Вспоминаю героя картины: напомаженного фата с бархатными глазами. Во всем ему сопутствовали успех и удача, женщины его обожали... Вдруг он отказывается от всего этого, становится деревенским священником. У хроники новостей был совсем другой герой: почти мальчик с лицом подростка, Шарль Линдверг приземлился в Бурге. С очками авиатора на лбу он спрыгивает из допотопного самолетика с колышущимся на ветру парусиновым верхом. Он оказывается в море цветов, робко пытается пробраться сквозь толпу приветствующих его людей.

После сеанса, в толпе выходящих из кинотеатра, я почувствовала нежное прикосновение чей-то руки. Не поворачиваясь, я поняла, что рядом Тксомин. Меня поражало, что он всегда знал, где меня найти. Словно охотник в Африке, на сафари, идущий по следу своей добычи. Он то и дело оказывается рядом со мной: я чувствую его как бы случайное прикосновение, встречаюсь с ним глазами. Я сжимаю его руку, мне так приятно чувствовать её в своей ладони. Притиснутая к нему толпой, я вдруг чувствую тайное запретное желание. У выхода меня ждут мои близкие. Я успеваю только шепнуть ему:

- Мы завтра поедем в Лекейтио на пикник.

Вот уже которую ночь после изнуряющей дневной жары, когда в воздухе чувствуется приближение грозы, мое тело переполняет сладостное томление. Я пытаюсь противостоять просыпающейся во мне чувственности; я покрываюсь испариной. Я с трудом заставляю себя не тронуть низ живота. Завтра нужно непременно пойти на исповедь, покаяться святому отцу. Чувствую себя самой великой грешницей на свете. Только ближе к рассвету, когда дымка тумана опускается на землю, принеся долгожданную свежесть, я ощущаю радостное облегчение, словно трава, глотнувшая влагу утренней росы. Этот день обещал стать для меня особенным. В полосах света, проникающего сквозь щели ставен, кружились, переливались, словно перламутровые, крошечные частички пыли. Стены комнаты и мое тело от реек жалюзи казались полосатыми...

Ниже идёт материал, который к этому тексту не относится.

(* Let $\mathcal G$ be a synchronous game. There is $C>0$ depending only on $\mathcal G$ such that for every $0<\epsilon\le1$: if $\mathcal S=(\{E^i_a\},\{F^i_a\},|\psi\rangle)$ is an $\epsilon$-perfect quantum strategy for $\mathcal G$ and $\rho=\lambda^2$ is the reduced density matrix of $|\psi\rangle$ on Bob's factor, then $p^i_a\mapsto F^i_a$ is a $C\epsilon^{1/4}$-representation of the synchronous algebra $\mathcal A(\mathcal G)$ with respect to $\|\cdot\|_\rho$. If moreover $\mathcal S$ is a synchronous strategy, then $\|F^i_a\lambda-\lambda F^i_a\|_F\le C\epsilon^{1/2}$ for all $(i,a)$.
   Context: A game $\mathcal{G}=(\eta,I,J,A,B,V)$ has finite input sets, output sets, a distribution $\eta$ on $I\times J$ and predicate $V$. A synchronous game has $I=J$, $A=B$, $V(a,b|i,i)=0$ for $a\ne b$, and $\eta(i,j)>0$ for all $i,j$. A quantum strategy consists of a finite-dimensional Hilbert space $H$, PVMs $\{E^i_a\}_a$ (Alice) and $\{F^i_a\}_a$ (Bob) on $H$ and a unit vector $|\psi\rangle\in H\otimes H$, written $|\psi\rangle=\sum_t|t\rangle\otimes\lambda|t\rangle$ for an orthonormal basis $\{|t\rangle\}$ and positive semidefinite $\lambda$ with $\mathrm{tr}(\lambda^2)=1$ (so $\rho=\lambda^2$); $\overline X$ is entrywise conjugation in this basis. It is $\epsilon$-perfect if $\sum_{i,j}\eta(i,j)\sum_{a,b}V(a,b|i,j)\langle\psi|E^i_a\otimes F^j_b|\psi\rangle\ge1-\epsilon$, and synchronous if $E^i_a=\overline{F^i_a}$. Norms: $\|A\|_F=\mathrm{tr}(A^*A)^{1/2}$, $\|T\|_\rho=\|T\rho^{1/2}\|_F$. The synchronous algebra $\mathcal A(\mathcal G)$ is the finitely presented $*$-algebra with generators $p^i_a$ and relations $(p^i_a)^2=p^i_a=(p^i_a)^*$, $\sum_ap^i_a=1$ for each $i$, $p^i_ap^j_b=0$ whenever $V(a,b|i,j)=0$. An $\epsilon$-representation with respect to a seminorm $\|\cdot\|$ is an assignment of operators to generators (extended to a unital $*$-homomorphism of the free $*$-algebra) under which every defining relation $r$ (a relation $a=b$ meaning $r=a-b$) satisfies $\|\phi(r)\|\le\epsilon$. *)

theory Defs
  imports Complex_Main "Jordan_Normal_Form.Schur_Decomposition"
begin

text \<open>A game with question set 'i (both players) and answer set 'a (both players);
  eta is the question distribution, V a b i j is the predicate V(a,b|i,j)
  (True = 1, False = 0).\<close>

definition synchronous_game ::
  "('i::finite \<Rightarrow> 'i \<Rightarrow> real) \<Rightarrow> ('a::finite \<Rightarrow> 'a \<Rightarrow> 'i \<Rightarrow> 'i \<Rightarrow> bool) \<Rightarrow> bool" where
  "synchronous_game eta V \<longleftrightarrow>
     (\<forall>i j. eta i j > 0) \<and> (\<Sum>i\<in>UNIV. \<Sum>j\<in>UNIV. eta i j) = 1 \<and>
     (\<forall>i a b. a \<noteq> b \<longrightarrow> \<not> V a b i i)"

definition hermitian_mat :: "nat \<Rightarrow> complex mat \<Rightarrow> bool" where
  "hermitian_mat d A \<longleftrightarrow> A \<in> carrier_mat d d \<and> mat_adjoint A = A"

definition qform :: "complex mat \<Rightarrow> complex vec \<Rightarrow> complex" where
  "qform A v = (\<Sum>k<dim_vec v. cnj (v $ k) * ((A *\<^sub>v v) $ k))"

definition psd_mat :: "nat \<Rightarrow> complex mat \<Rightarrow> bool" where
  "psd_mat d A \<longleftrightarrow> hermitian_mat d A \<and>
     (\<forall>v\<in>carrier_vec d. Re (qform A v) \<ge> 0)"

text \<open>Kronecker product on C^d \<otimes> C^d, basis e_s \<otimes> e_u indexed by s*d+u.\<close>
definition kron :: "nat \<Rightarrow> complex mat \<Rightarrow> complex mat \<Rightarrow> complex mat" where
  "kron d A B = mat (d*d) (d*d)
     (\<lambda>(p,q). A $$ (p div d, q div d) * B $$ (p mod d, q mod d))"

text \<open>The state psi = \<Sum>_t |t\<rangle> \<otimes> lambda |t\<rangle>.\<close>
definition state_vec :: "nat \<Rightarrow> complex mat \<Rightarrow> complex vec" where
  "state_vec d lam = vec (d*d) (\<lambda>p. lam $$ (p mod d, p div d))"

definition mtrace :: "complex mat \<Rightarrow> complex" where
  "mtrace A = (\<Sum>k<dim_row A. A $$ (k,k))"

definition frob_norm :: "complex mat \<Rightarrow> real" where
  "frob_norm A = sqrt (Re (mtrace (mat_adjoint A * A)))"

text \<open>||T||_rho = ||T rho^(1/2)||_F with rho = lam^2, so rho^(1/2) = lam (lam psd).\<close>
definition rho_norm :: "complex mat \<Rightarrow> complex mat \<Rightarrow> real" where
  "rho_norm lam T = frob_norm (T * lam)"

definition entry_conj :: "complex mat \<Rightarrow> complex mat" where
  "entry_conj A = map_mat cnj A"

definition msum :: "nat \<Rightarrow> ('a::finite \<Rightarrow> complex mat) \<Rightarrow> complex mat" where
  "msum d P = mat d d (\<lambda>(p,q). \<Sum>a\<in>UNIV. P a $$ (p,q))"

definition PVM :: "nat \<Rightarrow> ('a::finite \<Rightarrow> complex mat) \<Rightarrow> bool" where
  "PVM d P \<longleftrightarrow> (\<forall>a. hermitian_mat d (P a) \<and> P a * P a = P a) \<and>
     msum d P = 1\<^sub>m d"

definition quantum_strategy ::
  "nat \<Rightarrow> ('i::finite \<Rightarrow> 'a::finite \<Rightarrow> complex mat) \<Rightarrow> ('i \<Rightarrow> 'a \<Rightarrow> complex mat)
     \<Rightarrow> complex mat \<Rightarrow> bool" where
  "quantum_strategy d E F lam \<longleftrightarrow> 0 < d \<and>
     (\<forall>i. PVM d (E i)) \<and> (\<forall>i. PVM d (F i)) \<and>
     psd_mat d lam \<and> mtrace (lam * lam) = 1"

definition win_prob ::
  "('i::finite \<Rightarrow> 'i \<Rightarrow> real) \<Rightarrow> ('a::finite \<Rightarrow> 'a \<Rightarrow> 'i \<Rightarrow> 'i \<Rightarrow> bool) \<Rightarrow> nat
   \<Rightarrow> ('i \<Rightarrow> 'a \<Rightarrow> complex mat) \<Rightarrow> ('i \<Rightarrow> 'a \<Rightarrow> complex mat) \<Rightarrow> complex mat \<Rightarrow> real" where
  "win_prob eta V d E F lam =
     (\<Sum>i\<in>UNIV. \<Sum>j\<in>UNIV. eta i j * (\<Sum>a\<in>UNIV. \<Sum>b\<in>UNIV.
        (if V a b i j then Re (qform (kron d (E i a) (F j b)) (state_vec d lam)) else 0)))"

definition eps_perfect ::
  "('i::finite \<Rightarrow> 'i \<Rightarrow> real) \<Rightarrow> ('a::finite \<Rightarrow> 'a \<Rightarrow> 'i \<Rightarrow> 'i \<Rightarrow> bool) \<Rightarrow> nat
   \<Rightarrow> ('i \<Rightarrow> 'a \<Rightarrow> complex mat) \<Rightarrow> ('i \<Rightarrow> 'a \<Rightarrow> complex mat) \<Rightarrow> complex mat \<Rightarrow> real \<Rightarrow> bool" where
  "eps_perfect eta V d E F lam eps \<longleftrightarrow> win_prob eta V d E F lam \<ge> 1 - eps"

definition synchronous_strategy ::
  "('i \<Rightarrow> 'a \<Rightarrow> complex mat) \<Rightarrow> ('i \<Rightarrow> 'a \<Rightarrow> complex mat) \<Rightarrow> bool" where
  "synchronous_strategy E F \<longleftrightarrow> (\<forall>i a. E i a = entry_conj (F i a))"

Наш старенький джип, с трудом преодолев подъем до Ереньо, легко бежит по дороге, утопающей в зелени ольховой рощицы, посреди великолепного буйства красок и запахов жимолости и эвкалипта. Вижу веселого, распевающего песни дона Исидро без пиджака, в подтяжках. Мы с Кармелой на заднем сиденье - переглядываемся, наблюдая за тем, как наш родитель одной рукой держит руль, а другой с игривой нежностью гладит колено нашей матушки. Тоном веселой заговорщицы она кокетливо велит ему держать руль обеими руками и внимательнее смотреть на дорогу.

- Только представь себе, каково будет Алехандро, случись что с нами, - говорит она.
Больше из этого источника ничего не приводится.